* **Your task**
Go line by line through the data below and work out how many lines contain "prems"; the answer is that number alone.
--
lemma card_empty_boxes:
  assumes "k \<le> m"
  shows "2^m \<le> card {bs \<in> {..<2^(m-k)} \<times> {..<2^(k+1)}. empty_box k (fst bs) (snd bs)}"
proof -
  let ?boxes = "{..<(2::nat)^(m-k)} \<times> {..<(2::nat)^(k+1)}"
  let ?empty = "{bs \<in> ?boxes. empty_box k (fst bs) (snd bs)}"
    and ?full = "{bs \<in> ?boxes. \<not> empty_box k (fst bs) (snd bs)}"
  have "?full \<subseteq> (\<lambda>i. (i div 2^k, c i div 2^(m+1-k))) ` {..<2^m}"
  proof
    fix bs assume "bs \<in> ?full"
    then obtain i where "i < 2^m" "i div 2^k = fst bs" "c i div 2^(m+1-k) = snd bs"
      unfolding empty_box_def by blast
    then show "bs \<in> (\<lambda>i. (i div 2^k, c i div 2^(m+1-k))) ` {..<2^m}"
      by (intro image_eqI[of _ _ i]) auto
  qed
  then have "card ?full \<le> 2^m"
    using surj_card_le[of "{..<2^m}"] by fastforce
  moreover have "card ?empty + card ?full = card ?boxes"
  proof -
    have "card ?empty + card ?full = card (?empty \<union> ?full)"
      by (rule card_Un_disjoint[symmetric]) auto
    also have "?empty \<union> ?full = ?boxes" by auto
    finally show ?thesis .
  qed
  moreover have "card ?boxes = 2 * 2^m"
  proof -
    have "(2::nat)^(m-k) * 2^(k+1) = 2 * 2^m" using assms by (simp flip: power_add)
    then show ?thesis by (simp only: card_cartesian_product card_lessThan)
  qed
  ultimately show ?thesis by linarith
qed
--
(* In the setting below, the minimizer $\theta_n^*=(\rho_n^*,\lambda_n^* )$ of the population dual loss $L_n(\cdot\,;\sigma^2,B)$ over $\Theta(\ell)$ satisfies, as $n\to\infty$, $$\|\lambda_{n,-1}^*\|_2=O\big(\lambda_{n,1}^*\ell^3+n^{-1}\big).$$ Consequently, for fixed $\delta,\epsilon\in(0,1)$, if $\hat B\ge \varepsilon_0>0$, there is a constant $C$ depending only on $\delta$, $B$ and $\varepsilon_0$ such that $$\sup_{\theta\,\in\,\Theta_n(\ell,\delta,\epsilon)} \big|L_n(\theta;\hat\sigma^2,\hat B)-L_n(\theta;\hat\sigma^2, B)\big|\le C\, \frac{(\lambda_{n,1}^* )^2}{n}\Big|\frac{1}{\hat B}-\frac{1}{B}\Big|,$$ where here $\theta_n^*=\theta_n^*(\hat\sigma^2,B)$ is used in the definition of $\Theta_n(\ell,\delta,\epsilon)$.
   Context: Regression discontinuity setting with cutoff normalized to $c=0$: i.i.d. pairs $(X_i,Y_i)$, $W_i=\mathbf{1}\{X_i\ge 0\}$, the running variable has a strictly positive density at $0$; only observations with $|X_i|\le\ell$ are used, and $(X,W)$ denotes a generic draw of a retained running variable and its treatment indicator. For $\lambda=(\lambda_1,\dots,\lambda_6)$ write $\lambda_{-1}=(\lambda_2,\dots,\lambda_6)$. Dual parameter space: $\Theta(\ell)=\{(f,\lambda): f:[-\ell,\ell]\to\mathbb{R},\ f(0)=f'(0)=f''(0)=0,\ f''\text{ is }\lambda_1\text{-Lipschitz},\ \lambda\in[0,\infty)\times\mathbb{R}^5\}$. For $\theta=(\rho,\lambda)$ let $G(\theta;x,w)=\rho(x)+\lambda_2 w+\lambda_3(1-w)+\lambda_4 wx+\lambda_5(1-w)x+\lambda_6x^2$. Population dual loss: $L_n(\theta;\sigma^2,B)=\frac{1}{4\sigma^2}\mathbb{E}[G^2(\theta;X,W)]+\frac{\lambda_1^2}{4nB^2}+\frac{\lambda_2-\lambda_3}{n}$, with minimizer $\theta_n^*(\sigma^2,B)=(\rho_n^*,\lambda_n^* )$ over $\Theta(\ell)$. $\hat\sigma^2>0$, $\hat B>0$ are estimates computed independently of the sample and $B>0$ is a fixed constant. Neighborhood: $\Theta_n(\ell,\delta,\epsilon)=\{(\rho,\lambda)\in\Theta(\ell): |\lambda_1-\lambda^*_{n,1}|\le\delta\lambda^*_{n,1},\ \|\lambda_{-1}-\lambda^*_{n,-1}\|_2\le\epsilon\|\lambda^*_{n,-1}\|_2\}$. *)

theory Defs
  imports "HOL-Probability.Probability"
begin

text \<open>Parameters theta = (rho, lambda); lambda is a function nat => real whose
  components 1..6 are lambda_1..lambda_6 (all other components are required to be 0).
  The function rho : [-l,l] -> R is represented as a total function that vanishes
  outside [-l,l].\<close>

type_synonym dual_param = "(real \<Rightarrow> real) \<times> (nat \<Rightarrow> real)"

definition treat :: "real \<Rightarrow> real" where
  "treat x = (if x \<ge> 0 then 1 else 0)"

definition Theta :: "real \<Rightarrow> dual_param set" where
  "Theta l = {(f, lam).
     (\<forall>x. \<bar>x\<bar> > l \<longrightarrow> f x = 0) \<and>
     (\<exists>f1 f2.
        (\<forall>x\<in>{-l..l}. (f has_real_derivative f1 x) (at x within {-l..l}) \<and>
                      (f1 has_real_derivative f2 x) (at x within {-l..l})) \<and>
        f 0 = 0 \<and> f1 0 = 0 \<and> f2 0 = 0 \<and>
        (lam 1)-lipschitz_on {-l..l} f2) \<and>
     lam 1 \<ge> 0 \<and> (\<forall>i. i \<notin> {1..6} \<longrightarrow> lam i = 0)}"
--
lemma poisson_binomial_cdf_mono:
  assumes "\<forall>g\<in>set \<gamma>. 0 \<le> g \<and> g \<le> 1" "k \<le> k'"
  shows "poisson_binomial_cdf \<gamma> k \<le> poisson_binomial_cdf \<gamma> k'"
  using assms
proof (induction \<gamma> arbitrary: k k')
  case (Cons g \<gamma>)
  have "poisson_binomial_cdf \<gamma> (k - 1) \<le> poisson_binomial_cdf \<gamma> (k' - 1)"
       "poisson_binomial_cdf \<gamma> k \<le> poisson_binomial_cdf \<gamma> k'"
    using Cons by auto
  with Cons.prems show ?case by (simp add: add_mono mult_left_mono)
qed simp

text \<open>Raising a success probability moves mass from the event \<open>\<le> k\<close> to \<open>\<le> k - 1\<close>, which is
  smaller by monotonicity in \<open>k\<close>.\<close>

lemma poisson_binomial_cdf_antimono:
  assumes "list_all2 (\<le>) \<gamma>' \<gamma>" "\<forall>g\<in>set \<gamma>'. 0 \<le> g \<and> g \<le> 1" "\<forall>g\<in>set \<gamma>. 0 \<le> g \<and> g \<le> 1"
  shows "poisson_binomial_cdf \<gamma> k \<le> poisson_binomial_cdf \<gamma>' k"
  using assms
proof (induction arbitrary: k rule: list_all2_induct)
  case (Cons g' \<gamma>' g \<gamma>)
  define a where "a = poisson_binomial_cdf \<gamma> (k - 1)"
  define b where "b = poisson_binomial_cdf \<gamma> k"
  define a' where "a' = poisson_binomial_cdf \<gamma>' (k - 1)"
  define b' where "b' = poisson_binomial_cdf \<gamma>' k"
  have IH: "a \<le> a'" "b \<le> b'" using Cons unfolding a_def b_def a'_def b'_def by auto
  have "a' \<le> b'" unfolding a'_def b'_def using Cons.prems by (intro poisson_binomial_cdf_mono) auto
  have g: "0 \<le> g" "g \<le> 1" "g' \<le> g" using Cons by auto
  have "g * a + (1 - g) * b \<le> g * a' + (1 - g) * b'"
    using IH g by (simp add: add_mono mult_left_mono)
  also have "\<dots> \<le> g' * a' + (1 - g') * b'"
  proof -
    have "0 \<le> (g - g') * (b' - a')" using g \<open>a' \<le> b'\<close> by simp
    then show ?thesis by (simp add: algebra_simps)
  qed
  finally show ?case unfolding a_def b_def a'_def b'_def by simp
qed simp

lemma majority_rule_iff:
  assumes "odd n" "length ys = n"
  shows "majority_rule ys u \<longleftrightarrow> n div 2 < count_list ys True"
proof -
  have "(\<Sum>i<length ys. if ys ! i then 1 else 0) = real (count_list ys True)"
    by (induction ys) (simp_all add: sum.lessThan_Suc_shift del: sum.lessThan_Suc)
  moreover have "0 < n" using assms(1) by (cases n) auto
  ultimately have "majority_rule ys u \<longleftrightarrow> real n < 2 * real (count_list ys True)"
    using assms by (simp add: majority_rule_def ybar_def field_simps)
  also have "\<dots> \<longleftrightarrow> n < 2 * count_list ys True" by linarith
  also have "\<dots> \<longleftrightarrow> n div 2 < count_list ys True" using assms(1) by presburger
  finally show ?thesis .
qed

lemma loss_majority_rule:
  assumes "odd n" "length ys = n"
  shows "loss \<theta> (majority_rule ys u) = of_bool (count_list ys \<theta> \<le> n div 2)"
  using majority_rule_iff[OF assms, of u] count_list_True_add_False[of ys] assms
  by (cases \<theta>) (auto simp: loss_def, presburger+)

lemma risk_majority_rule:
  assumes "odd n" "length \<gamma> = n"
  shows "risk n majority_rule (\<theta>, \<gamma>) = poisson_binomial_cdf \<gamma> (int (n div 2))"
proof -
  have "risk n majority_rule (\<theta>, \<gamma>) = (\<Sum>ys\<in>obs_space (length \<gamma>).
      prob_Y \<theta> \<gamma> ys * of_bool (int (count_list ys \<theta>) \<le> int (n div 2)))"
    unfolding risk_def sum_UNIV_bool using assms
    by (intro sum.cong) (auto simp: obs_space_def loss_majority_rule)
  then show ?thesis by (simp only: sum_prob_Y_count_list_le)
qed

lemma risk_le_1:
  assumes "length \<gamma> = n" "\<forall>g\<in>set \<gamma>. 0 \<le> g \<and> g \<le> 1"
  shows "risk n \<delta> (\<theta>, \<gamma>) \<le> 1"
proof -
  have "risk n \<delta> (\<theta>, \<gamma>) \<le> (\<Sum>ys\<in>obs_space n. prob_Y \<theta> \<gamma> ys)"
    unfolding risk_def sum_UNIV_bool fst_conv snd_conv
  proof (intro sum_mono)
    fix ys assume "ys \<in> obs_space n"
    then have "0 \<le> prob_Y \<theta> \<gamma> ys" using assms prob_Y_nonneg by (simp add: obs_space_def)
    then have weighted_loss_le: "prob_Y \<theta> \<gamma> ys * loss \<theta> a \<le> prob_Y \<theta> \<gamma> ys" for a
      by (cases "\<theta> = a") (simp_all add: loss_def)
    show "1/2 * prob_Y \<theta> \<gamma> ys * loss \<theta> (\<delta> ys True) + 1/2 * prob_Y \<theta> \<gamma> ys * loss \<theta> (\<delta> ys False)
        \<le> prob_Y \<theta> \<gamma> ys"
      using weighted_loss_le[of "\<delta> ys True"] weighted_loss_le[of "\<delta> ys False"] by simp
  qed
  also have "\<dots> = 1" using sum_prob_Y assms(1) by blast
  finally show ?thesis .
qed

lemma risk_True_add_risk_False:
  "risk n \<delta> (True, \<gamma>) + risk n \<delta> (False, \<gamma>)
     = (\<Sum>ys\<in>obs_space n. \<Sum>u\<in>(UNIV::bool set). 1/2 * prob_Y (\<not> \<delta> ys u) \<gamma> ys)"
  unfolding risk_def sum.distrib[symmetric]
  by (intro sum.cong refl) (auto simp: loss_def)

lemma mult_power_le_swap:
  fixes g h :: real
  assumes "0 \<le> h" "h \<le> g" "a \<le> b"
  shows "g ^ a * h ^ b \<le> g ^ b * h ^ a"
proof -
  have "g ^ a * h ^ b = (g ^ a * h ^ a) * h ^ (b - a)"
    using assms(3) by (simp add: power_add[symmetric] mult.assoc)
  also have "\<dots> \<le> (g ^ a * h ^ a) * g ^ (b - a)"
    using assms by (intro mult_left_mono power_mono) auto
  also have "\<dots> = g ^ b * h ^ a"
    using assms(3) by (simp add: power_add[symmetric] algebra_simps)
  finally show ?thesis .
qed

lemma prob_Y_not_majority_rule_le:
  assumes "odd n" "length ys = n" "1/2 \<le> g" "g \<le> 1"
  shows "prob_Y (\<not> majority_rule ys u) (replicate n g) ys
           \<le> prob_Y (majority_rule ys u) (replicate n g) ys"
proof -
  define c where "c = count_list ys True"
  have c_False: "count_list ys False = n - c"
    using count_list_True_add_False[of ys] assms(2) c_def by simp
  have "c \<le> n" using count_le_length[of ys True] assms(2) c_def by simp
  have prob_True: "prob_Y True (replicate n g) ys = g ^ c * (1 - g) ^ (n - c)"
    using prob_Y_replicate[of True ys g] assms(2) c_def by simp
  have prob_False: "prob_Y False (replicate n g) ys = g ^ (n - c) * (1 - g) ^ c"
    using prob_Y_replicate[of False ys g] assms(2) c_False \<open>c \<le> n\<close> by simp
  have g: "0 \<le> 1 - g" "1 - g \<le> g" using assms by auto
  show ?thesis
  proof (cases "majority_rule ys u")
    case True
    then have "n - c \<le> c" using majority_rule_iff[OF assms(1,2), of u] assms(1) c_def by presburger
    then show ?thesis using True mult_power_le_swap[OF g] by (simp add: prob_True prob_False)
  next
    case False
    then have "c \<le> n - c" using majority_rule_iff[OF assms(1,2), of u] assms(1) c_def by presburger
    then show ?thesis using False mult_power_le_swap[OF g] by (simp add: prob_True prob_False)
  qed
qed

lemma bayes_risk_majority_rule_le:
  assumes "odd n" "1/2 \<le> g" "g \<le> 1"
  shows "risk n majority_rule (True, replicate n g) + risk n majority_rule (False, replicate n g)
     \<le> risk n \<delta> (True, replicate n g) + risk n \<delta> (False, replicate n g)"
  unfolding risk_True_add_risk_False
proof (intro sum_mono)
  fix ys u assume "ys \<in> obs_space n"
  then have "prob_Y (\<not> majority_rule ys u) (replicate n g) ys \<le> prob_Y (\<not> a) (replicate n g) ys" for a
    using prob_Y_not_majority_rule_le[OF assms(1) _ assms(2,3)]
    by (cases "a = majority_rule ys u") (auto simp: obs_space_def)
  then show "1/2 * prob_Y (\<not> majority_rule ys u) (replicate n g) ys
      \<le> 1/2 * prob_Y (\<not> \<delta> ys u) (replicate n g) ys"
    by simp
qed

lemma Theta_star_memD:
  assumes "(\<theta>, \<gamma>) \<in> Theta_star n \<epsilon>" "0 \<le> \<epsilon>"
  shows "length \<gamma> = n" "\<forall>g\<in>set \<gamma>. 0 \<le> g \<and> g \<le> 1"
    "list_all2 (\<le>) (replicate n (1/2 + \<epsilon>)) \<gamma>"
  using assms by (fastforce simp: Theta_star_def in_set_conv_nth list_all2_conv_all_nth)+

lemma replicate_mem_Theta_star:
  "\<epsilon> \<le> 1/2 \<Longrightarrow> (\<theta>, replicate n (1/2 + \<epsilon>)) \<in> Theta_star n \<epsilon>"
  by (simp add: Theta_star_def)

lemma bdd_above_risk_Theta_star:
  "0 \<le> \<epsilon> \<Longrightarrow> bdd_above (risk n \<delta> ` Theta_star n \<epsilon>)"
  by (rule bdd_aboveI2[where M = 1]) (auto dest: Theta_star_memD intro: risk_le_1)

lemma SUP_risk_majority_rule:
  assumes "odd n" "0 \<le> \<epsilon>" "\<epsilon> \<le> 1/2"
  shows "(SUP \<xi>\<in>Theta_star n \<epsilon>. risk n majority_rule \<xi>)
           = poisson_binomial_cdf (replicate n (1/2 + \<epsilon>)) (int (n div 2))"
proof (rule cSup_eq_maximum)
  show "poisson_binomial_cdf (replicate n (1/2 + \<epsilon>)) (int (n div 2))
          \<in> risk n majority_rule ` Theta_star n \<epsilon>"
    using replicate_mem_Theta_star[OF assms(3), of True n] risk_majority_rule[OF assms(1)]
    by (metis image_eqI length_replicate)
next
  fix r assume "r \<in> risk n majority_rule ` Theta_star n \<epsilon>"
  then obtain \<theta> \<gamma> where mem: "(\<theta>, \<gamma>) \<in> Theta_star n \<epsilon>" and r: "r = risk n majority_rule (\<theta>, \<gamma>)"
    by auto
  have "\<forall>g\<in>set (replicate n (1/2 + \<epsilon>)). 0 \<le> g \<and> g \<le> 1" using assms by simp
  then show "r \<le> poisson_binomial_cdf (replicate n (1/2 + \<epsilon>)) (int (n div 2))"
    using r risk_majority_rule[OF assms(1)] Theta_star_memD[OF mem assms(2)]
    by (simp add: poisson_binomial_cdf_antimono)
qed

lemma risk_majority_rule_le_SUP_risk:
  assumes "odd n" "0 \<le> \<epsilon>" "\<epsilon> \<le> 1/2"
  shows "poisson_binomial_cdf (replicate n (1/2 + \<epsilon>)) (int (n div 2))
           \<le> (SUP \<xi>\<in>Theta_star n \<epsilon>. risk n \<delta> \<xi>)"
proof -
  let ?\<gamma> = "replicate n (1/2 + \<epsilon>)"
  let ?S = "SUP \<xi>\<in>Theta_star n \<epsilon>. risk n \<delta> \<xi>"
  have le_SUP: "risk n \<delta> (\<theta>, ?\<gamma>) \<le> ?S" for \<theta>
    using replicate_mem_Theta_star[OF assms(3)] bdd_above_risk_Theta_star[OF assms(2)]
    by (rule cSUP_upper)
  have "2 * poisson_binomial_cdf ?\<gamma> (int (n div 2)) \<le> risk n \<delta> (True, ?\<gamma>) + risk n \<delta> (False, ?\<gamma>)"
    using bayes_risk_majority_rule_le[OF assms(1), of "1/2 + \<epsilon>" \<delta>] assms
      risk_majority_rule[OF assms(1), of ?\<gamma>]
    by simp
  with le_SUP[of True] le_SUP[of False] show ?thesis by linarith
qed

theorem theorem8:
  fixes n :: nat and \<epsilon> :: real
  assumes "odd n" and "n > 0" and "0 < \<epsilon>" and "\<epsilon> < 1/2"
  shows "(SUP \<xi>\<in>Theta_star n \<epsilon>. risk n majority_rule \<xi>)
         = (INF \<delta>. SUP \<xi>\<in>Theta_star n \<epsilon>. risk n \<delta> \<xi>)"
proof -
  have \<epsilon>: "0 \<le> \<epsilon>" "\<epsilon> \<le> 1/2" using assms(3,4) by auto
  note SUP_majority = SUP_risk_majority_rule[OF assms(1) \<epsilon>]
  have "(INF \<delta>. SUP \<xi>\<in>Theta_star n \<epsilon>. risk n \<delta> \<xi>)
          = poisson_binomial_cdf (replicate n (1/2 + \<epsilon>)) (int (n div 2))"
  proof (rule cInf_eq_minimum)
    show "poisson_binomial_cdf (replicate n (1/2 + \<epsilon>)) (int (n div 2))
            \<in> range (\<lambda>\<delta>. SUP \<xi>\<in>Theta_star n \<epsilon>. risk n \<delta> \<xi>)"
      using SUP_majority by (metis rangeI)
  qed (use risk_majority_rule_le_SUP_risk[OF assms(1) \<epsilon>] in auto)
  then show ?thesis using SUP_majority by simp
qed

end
--
* **Written reply**
2